### PROBLEM
Reproduce exactly the lines of the material beneath, from the line that contains "using mem_cyc_closed_slot[OF assms \<open>c" to the line that contains "(\<forall>c<m. e \<inter>", both included, and no other lines.

*** EXTRACTED MATERIAL Section Begins ***

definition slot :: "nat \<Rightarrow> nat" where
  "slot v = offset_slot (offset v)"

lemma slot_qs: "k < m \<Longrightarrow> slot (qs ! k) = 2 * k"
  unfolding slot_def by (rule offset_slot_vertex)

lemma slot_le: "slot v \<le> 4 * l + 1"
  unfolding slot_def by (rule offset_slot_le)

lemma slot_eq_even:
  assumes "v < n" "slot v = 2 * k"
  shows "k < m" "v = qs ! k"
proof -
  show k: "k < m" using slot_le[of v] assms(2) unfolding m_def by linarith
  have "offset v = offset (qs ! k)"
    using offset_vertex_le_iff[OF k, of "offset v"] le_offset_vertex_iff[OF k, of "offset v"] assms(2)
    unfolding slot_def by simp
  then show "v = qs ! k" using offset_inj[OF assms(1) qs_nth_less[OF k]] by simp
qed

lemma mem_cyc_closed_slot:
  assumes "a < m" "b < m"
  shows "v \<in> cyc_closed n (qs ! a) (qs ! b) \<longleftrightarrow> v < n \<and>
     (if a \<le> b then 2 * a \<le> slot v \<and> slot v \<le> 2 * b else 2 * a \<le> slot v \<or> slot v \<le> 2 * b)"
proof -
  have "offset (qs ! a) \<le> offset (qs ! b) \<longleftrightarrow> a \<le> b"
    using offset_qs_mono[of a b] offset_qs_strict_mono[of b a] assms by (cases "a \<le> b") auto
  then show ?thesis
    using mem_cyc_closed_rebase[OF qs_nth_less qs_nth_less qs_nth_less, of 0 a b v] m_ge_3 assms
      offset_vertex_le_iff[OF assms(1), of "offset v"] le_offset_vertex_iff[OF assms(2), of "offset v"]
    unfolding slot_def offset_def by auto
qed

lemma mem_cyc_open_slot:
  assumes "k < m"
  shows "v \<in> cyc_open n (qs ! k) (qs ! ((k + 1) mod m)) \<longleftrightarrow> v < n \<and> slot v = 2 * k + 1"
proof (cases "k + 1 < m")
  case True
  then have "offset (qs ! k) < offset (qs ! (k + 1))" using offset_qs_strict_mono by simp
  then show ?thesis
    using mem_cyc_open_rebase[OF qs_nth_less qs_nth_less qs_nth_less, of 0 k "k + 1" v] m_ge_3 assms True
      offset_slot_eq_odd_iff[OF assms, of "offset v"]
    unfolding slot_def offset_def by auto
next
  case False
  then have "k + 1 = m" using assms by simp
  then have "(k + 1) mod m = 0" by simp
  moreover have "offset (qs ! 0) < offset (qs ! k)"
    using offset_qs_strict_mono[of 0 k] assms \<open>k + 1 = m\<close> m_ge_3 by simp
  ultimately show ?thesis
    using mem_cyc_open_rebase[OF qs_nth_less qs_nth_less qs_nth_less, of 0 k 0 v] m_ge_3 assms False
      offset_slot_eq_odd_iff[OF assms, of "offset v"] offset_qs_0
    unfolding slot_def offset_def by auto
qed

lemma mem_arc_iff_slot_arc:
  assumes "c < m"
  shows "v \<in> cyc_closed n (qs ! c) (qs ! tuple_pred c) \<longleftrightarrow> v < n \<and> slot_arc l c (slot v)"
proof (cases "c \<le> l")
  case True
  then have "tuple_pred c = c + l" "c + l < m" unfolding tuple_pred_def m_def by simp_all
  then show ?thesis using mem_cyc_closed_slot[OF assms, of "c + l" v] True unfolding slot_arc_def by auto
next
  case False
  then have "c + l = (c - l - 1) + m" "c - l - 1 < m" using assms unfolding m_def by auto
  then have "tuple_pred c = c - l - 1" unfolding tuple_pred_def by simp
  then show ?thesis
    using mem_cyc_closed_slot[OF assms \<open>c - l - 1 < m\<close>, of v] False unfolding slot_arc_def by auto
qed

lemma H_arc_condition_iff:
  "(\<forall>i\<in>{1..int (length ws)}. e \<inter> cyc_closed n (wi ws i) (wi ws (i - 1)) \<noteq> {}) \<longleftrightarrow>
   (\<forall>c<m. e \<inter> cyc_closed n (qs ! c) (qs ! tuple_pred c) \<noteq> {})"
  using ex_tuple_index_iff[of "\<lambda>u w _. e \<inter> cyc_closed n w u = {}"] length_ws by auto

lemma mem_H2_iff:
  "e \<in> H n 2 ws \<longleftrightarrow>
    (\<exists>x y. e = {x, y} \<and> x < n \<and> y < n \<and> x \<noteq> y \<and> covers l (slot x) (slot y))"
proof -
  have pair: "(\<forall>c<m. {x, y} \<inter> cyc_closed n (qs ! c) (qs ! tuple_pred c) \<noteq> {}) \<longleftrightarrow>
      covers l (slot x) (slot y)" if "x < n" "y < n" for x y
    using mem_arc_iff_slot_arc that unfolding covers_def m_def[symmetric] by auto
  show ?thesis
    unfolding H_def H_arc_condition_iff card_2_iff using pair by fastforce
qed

*** EXTRACTED MATERIAL Section Ends ***
*** EXTRACTED MATERIAL Section Begins ***

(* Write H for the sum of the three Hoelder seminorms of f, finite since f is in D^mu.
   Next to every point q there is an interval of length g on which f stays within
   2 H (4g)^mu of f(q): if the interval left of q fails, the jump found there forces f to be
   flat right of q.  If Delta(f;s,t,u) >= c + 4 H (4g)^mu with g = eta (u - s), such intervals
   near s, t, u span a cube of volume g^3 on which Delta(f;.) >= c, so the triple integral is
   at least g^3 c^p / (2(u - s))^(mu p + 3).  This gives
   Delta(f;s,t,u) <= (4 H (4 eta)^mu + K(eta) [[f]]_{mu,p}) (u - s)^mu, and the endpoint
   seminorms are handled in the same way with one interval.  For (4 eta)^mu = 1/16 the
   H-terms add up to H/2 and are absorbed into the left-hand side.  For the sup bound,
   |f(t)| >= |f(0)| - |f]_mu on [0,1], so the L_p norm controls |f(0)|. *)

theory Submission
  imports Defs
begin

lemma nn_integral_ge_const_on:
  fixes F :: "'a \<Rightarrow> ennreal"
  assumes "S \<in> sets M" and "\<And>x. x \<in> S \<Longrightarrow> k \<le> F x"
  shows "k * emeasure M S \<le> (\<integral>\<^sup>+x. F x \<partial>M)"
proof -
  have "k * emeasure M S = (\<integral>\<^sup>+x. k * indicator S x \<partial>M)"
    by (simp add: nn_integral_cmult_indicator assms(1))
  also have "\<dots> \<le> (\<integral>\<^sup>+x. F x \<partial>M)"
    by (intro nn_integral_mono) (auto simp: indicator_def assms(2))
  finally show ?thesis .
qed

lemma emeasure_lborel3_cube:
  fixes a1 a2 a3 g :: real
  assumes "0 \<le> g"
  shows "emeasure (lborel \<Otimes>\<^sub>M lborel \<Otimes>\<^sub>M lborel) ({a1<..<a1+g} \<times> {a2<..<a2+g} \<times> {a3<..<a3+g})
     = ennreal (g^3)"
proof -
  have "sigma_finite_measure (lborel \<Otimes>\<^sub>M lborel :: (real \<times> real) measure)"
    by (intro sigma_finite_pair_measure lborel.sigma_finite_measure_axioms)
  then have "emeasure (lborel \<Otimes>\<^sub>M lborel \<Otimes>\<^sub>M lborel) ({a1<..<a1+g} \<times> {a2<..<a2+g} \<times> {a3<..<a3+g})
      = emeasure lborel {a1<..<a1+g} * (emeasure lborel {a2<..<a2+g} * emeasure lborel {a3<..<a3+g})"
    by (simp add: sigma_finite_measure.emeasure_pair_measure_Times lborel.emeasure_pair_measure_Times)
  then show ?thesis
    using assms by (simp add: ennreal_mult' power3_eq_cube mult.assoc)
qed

*** EXTRACTED MATERIAL Section Ends ***

### EXERCISE RESULT
    using mem_cyc_closed_slot[OF assms \<open>c - l - 1 < m\<close>, of v] False unfolding slot_arc_def by auto
qed

lemma H_arc_condition_iff:
  "(\<forall>i\<in>{1..int (length ws)}. e \<inter> cyc_closed n (wi ws i) (wi ws (i - 1)) \<noteq> {}) \<longleftrightarrow>
   (\<forall>c<m. e \<inter> cyc_closed n (qs ! c) (qs ! tuple_pred c) \<noteq> {})"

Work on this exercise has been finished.